Relational operators
Relational operators compare values and are often used when defining new variables and subsets of datasets.
+--------------------------+------------+--------------+------------------------------------------+
| Meaning | Operator | Example | Example Result |
+==========================+============+==============+==========================================+
| Equal to | == | "A" == "a" | FALSE (because R is case sensitive) |
+--------------------------+------------+--------------+------------------------------------------+
| Not equal to | != | 2 != 0 | TRUE |
+--------------------------+------------+--------------+------------------------------------------+
| Greater than | > | 4 > 2 | TRUE |
+--------------------------+------------+--------------+------------------------------------------+
| Less than | < | 4 < 2 | FALSE |
+--------------------------+------------+--------------+------------------------------------------+
| Greater than or equal to | >= | 6 >= 4 | TRUE |
+--------------------------+------------+--------------+------------------------------------------+
| Less than or equal to | <= | 6 <= 4 | FALSE |
+--------------------------+------------+--------------+------------------------------------------+
| Value is missing | is.na() | is.na(7) | FALSE |
+--------------------------+------------+--------------+------------------------------------------+
| Value is not missing | !is.na() | !is.na(7) | TRUE |
+--------------------------+------------+--------------+------------------------------------------+
Note that the == (double equals) asks the question to R: "IS the value on the right equal to the value on the left?. The result is either TRUE or FALSE.
age == 12 asks is the value in column age for a given row equal to 12?
In contrast, the = (single equals) is used to assign values, such as for an argument within a function:
max(age, na.rm = TRUE) This sets the na.rm= argument to TRUE. paste(jurisdictions, collapse = ",") This sets the collapse argument to a comma.
Logical operators
Logical operators, such as AND and OR, are often used to connect relational operators and create more complicated criteria.

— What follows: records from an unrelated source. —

(* Assume the user paths are pairwise edge-disjoint, and let $a\ge2$ be an integer. Let $E^*$ be an $s$-$t$ path maximizing $\Lambda(\cdot,P)$ over all directed $s$-$t$ paths, with $d$ edges. If $I\ge\lceil\log_ad\rceil$, the Generalized Recursive Greedy algorithm returns an $s$-$t$ path $E_{\mathbf{f}}$ with $\Lambda(E_{\mathbf{f}},P)\ge\frac{1}{\lceil\log_ad\rceil+1}\Lambda(E^*,P)$.
   Context: $G=(V,E)$ is a simple directed acyclic graph with capacities $C\in\mathbb{R}_{\ge0}^E$, $s,t\in V$ joined by a directed path, budget $0<\gamma\le\min_eC(e)$. User paths $P=\{p_1,\dots,p_k\}$ are directed paths (edge sets) with initial values $\lambda_i\ge0$, $\sum_{i:e\in p_i}\lambda_i\le C(e)$. For $A\subseteq E$, $T(A,P)$ is the optimal value of: maximize $\sum_i\tilde\lambda_i$ s.t. $\sum_{i:e\in p_i}\tilde\lambda_i\le C(e)-\gamma\mathbf{1}_{\{e\in A\}}$ for all $e$, $0\le\tilde\lambda_i\le\lambda_i$; $\Lambda(A,P)=\sum_i\lambda_i-T(A,P)$ and $\Lambda_X(A,P)=\Lambda(A\cup X,P)-\Lambda(X,P)$. Generalized Recursive Greedy algorithm with parameter $a$: the procedure $RG(u_1,u_2,X,i)$ lets $S$ be a shortest (fewest edges) directed $u_1$-$u_2$ path, returns "infeasible" if none exists, returns $S$ if $i=0$, and otherwise sets $best:=S$, $r:=\Lambda_X(S,P)$ and, for every tuple $(v_1,\dots,v_{a-1})\in V^{a-1}$, computes sequentially $Q_1=RG(u_1,v_1,X,i-1)$, $Q_2=RG(v_1,v_2,X\cup Q_1,i-1)$, …, $Q_a=RG(v_{a-1},u_2,X\cup Q_1\cup\dots\cup Q_{a-1},i-1)$ (skipping the tuple if any call is infeasible), and if $\Lambda_X(Q_1\cup\dots\cup Q_a,P)>r$ sets $r$ to this value and $best:=Q_1\cup\dots\cup Q_a$; it returns $best$. The algorithm outputs $RG(s,t,\emptyset,I)$. *)

theory Defs
  imports Complex_Main
begin

type_synonym 'v edge = "'v \<times> 'v"

definition dwalk :: "'v set \<Rightarrow> 'v edge set \<Rightarrow> 'v \<Rightarrow> 'v \<Rightarrow> 'v list \<Rightarrow> bool" where
  "dwalk V E u v xs \<longleftrightarrow> xs \<noteq> [] \<and> hd xs = u \<and> last xs = v \<and> set xs \<subseteq> V \<and>
     (\<forall>j. Suc j < length xs \<longrightarrow> (xs ! j, xs ! Suc j) \<in> E)"

definition edges_of :: "'v list \<Rightarrow> 'v edge set" where
  "edges_of xs = set (zip xs (tl xs))"

definition is_path :: "'v set \<Rightarrow> 'v edge set \<Rightarrow> 'v \<Rightarrow> 'v \<Rightarrow> 'v edge set \<Rightarrow> bool" where
  "is_path V E u v S \<longleftrightarrow> (\<exists>xs. dwalk V E u v xs \<and> S = edges_of xs)"

definition is_shortest_path :: "'v set \<Rightarrow> 'v edge set \<Rightarrow> 'v \<Rightarrow> 'v \<Rightarrow> 'v edge set \<Rightarrow> bool" where
  "is_shortest_path V E u v S \<longleftrightarrow> is_path V E u v S \<and>
     (\<forall>S'. is_path V E u v S' \<longrightarrow> card S \<le> card S')"

definition Tval :: "'v edge set \<Rightarrow> ('v edge \<Rightarrow> real) \<Rightarrow> real \<Rightarrow> (nat \<Rightarrow> 'v edge set)
     \<Rightarrow> (nat \<Rightarrow> real) \<Rightarrow> nat \<Rightarrow> 'v edge set \<Rightarrow> real" where
  "Tval E C \<gamma> p lam k A = Sup {(\<Sum>i<k. x i) | x.
      (\<forall>i<k. 0 \<le> x i \<and> x i \<le> lam i) \<and>
      (\<forall>e\<in>E. (\<Sum>i\<in>{i. i < k \<and> e \<in> p i}. x i) \<le> C e - (if e \<in> A then \<gamma> else 0))}"

definition Lam :: "'v edge set \<Rightarrow> ('v edge \<Rightarrow> real) \<Rightarrow> real \<Rightarrow> (nat \<Rightarrow> 'v edge set)
     \<Rightarrow> (nat \<Rightarrow> real) \<Rightarrow> nat \<Rightarrow> 'v edge set \<Rightarrow> real" where
  "Lam E C \<gamma> p lam k A = (\<Sum>i<k. lam i) - Tval E C \<gamma> p lam k A"

definition LamX :: "'v edge set \<Rightarrow> ('v edge \<Rightarrow> real) \<Rightarrow> real \<Rightarrow> (nat \<Rightarrow> 'v edge set)
     \<Rightarrow> (nat \<Rightarrow> real) \<Rightarrow> nat \<Rightarrow> 'v edge set \<Rightarrow> 'v edge set \<Rightarrow> real" where
  "LamX E C \<gamma> p lam k X A = Lam E C \<gamma> p lam k (A \<union> X) - Lam E C \<gamma> p lam k X"

fun chain :: "('v \<Rightarrow> 'v \<Rightarrow> 'v edge set \<Rightarrow> 'v edge set option) \<Rightarrow> 'v list \<Rightarrow> 'v edge set
     \<Rightarrow> 'v edge set option" where
  "chain rc [] Y = Some {}"
| "chain rc [w] Y = Some {}"
| "chain rc (w1 # w2 # ws) Y =
     (case rc w1 w2 Y of None \<Rightarrow> None
      | Some Q \<Rightarrow> (case chain rc (w2 # ws) (Y \<union> Q) of None \<Rightarrow> None
                   | Some R \<Rightarrow> Some (Q \<union> R)))"

text \<open>Generalized Recursive Greedy.  sp u1 u2 X i is the (arbitrary, tie-broken) shortest
  path chosen by the call RG(u1,u2,X,i), tups is the order in which the tuples of V^(a-1)
  are enumerated, LX X A = Lambda_X(A,P).  None means "infeasible".\<close>
primrec RG :: "('v \<Rightarrow> 'v \<Rightarrow> 'v edge set \<Rightarrow> nat \<Rightarrow> 'v edge set option) \<Rightarrow> 'v list list
     \<Rightarrow> ('v edge set \<Rightarrow> 'v edge set \<Rightarrow> real) \<Rightarrow> nat \<Rightarrow> 'v \<Rightarrow> 'v \<Rightarrow> 'v edge set
     \<Rightarrow> 'v edge set option" where
  "RG sp tups LX 0 u1 u2 X = sp u1 u2 X 0"
| "RG sp tups LX (Suc i) u1 u2 X =
     (case sp u1 u2 X (Suc i) of None \<Rightarrow> None
      | Some S \<Rightarrow> Some (fst (foldl (\<lambda>(best, r) vs.
            (case chain (\<lambda>w1 w2 Y. RG sp tups LX i w1 w2 Y) (u1 # vs @ [u2]) X of
               None \<Rightarrow> (best, r)
             | Some Q \<Rightarrow> (if LX X Q > r then (Q, LX X Q) else (best, r))))
          (S, LX X S) tups)))"

end

theory Submission
  imports Defs
begin

text \<open>Because the users are edge-disjoint, the LP defining T decouples: user i keeps the rate
  lam i minus its largest overload lam i - (C e - \<gamma>[e \<in> A]) over its own edges (clipped at 0).
  Hence \<Lambda> is a sum of maxima of modular functions, so it is monotone and submodular with
  \<Lambda>({}) = 0, and only these properties are used afterwards.

  By induction on j: if a u-v path P has at most a^j edges, then RG at any depth i \<ge> j returns
  an R with \<Lambda>_X(P) \<le> (j + 1) \<Lambda>_X(R). At depth 0 a one-edge path is the unique shortest
  path, since E is acyclic. Otherwise cut P into a pieces of at most a^(j-1) edges; the breakpoints
  form one of the enumerated tuples, and the sequential recursive calls return Q with
  \<Lambda>_(X \<union> Q)(P) \<le> j \<Lambda>_X(Q) by subadditivity and diminishing returns. Monotonicity gives
  \<Lambda>_X(P) \<le> \<Lambda>_(X \<union> Q)(P) + \<Lambda>_X(Q), and the greedy choice gives \<Lambda>_X(Q) \<le> \<Lambda>_X(R).\<close>

lemma edges_of_singleton [simp]: "edges_of [x] = {}"
  by (simp add: edges_of_def)

lemma edges_of_Cons_Cons [simp]: "edges_of (x # y # zs) = insert (x, y) (edges_of (y # zs))"
  by (simp add: edges_of_def)

lemma edges_of_conv_nth: "edges_of xs = {(xs ! j, xs ! Suc j) | j. Suc j < length xs}"
  by (auto simp: edges_of_def set_zip nth_tl)

lemma edges_of_append_tl:
  "xs \<noteq> [] \<Longrightarrow> ys \<noteq> [] \<Longrightarrow> last xs = hd ys \<Longrightarrow>
    edges_of (xs @ tl ys) = edges_of xs \<union> edges_of ys"
proof (induction xs rule: induct_list012)
  case (2 x)
  then show ?case by (cases ys) auto
qed auto

lemma card_edges_of: "distinct xs \<Longrightarrow> card (edges_of xs) = length xs - 1"
  unfolding edges_of_def by (subst distinct_card) (auto intro: distinct_zipI1)

lemma dwalk_iff_edges_of:
  "dwalk V E u v xs \<longleftrightarrow>
    xs \<noteq> [] \<and> hd xs = u \<and> last xs = v \<and> set xs \<subseteq> V \<and> edges_of xs \<subseteq> E"
  by (auto simp: dwalk_def edges_of_conv_nth)

lemma dwalk_append_tl:
  assumes "dwalk V E u v xs" and "dwalk V E v w ys"
  shows "dwalk V E u w (xs @ tl ys)"
proof -
  have "last (xs @ tl ys) = w"
    using assms by (cases ys; cases "tl ys") (auto simp: dwalk_iff_edges_of)
  moreover have "set (tl ys) \<subseteq> set ys"
    by (cases ys) auto
  ultimately show ?thesis
    using assms edges_of_append_tl[of xs ys] by (auto simp: dwalk_iff_edges_of)
qed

Complex statements might require parentheses ( ) for grouping and order of application.
+---------------------+-----------------------------------------------------------------------+
| Meaning | Operator |
+=====================+=======================================================================+
| AND | & |
+---------------------+-----------------------------------------------------------------------+
| OR | | (vertical bar) |
+---------------------+-----------------------------------------------------------------------+
| Parentheses | ( ) Used to group criteria together and clarify order of operations |
+---------------------+-----------------------------------------------------------------------+
Other simple logic recoding options
Now that you have learned simple logical re-coding, you can use ifelse() for many situations. Here are two other simple logical recoding functions that you should bookmark to read about later:
if_else() is particularly useful if re-coding dates. NOTE this is slightly different from the ifelse() function, which we used above. replace() can be a shortcut for ifelse() logical recoding
case_when() for complex recoding
For more complex recoding, you should use case_when() from {dplyr} (part of the tidyverse). This function allows you to run the equivalent of multiple ifelse() statements - it is R's equivalent to the SQL CASE WHEN statement.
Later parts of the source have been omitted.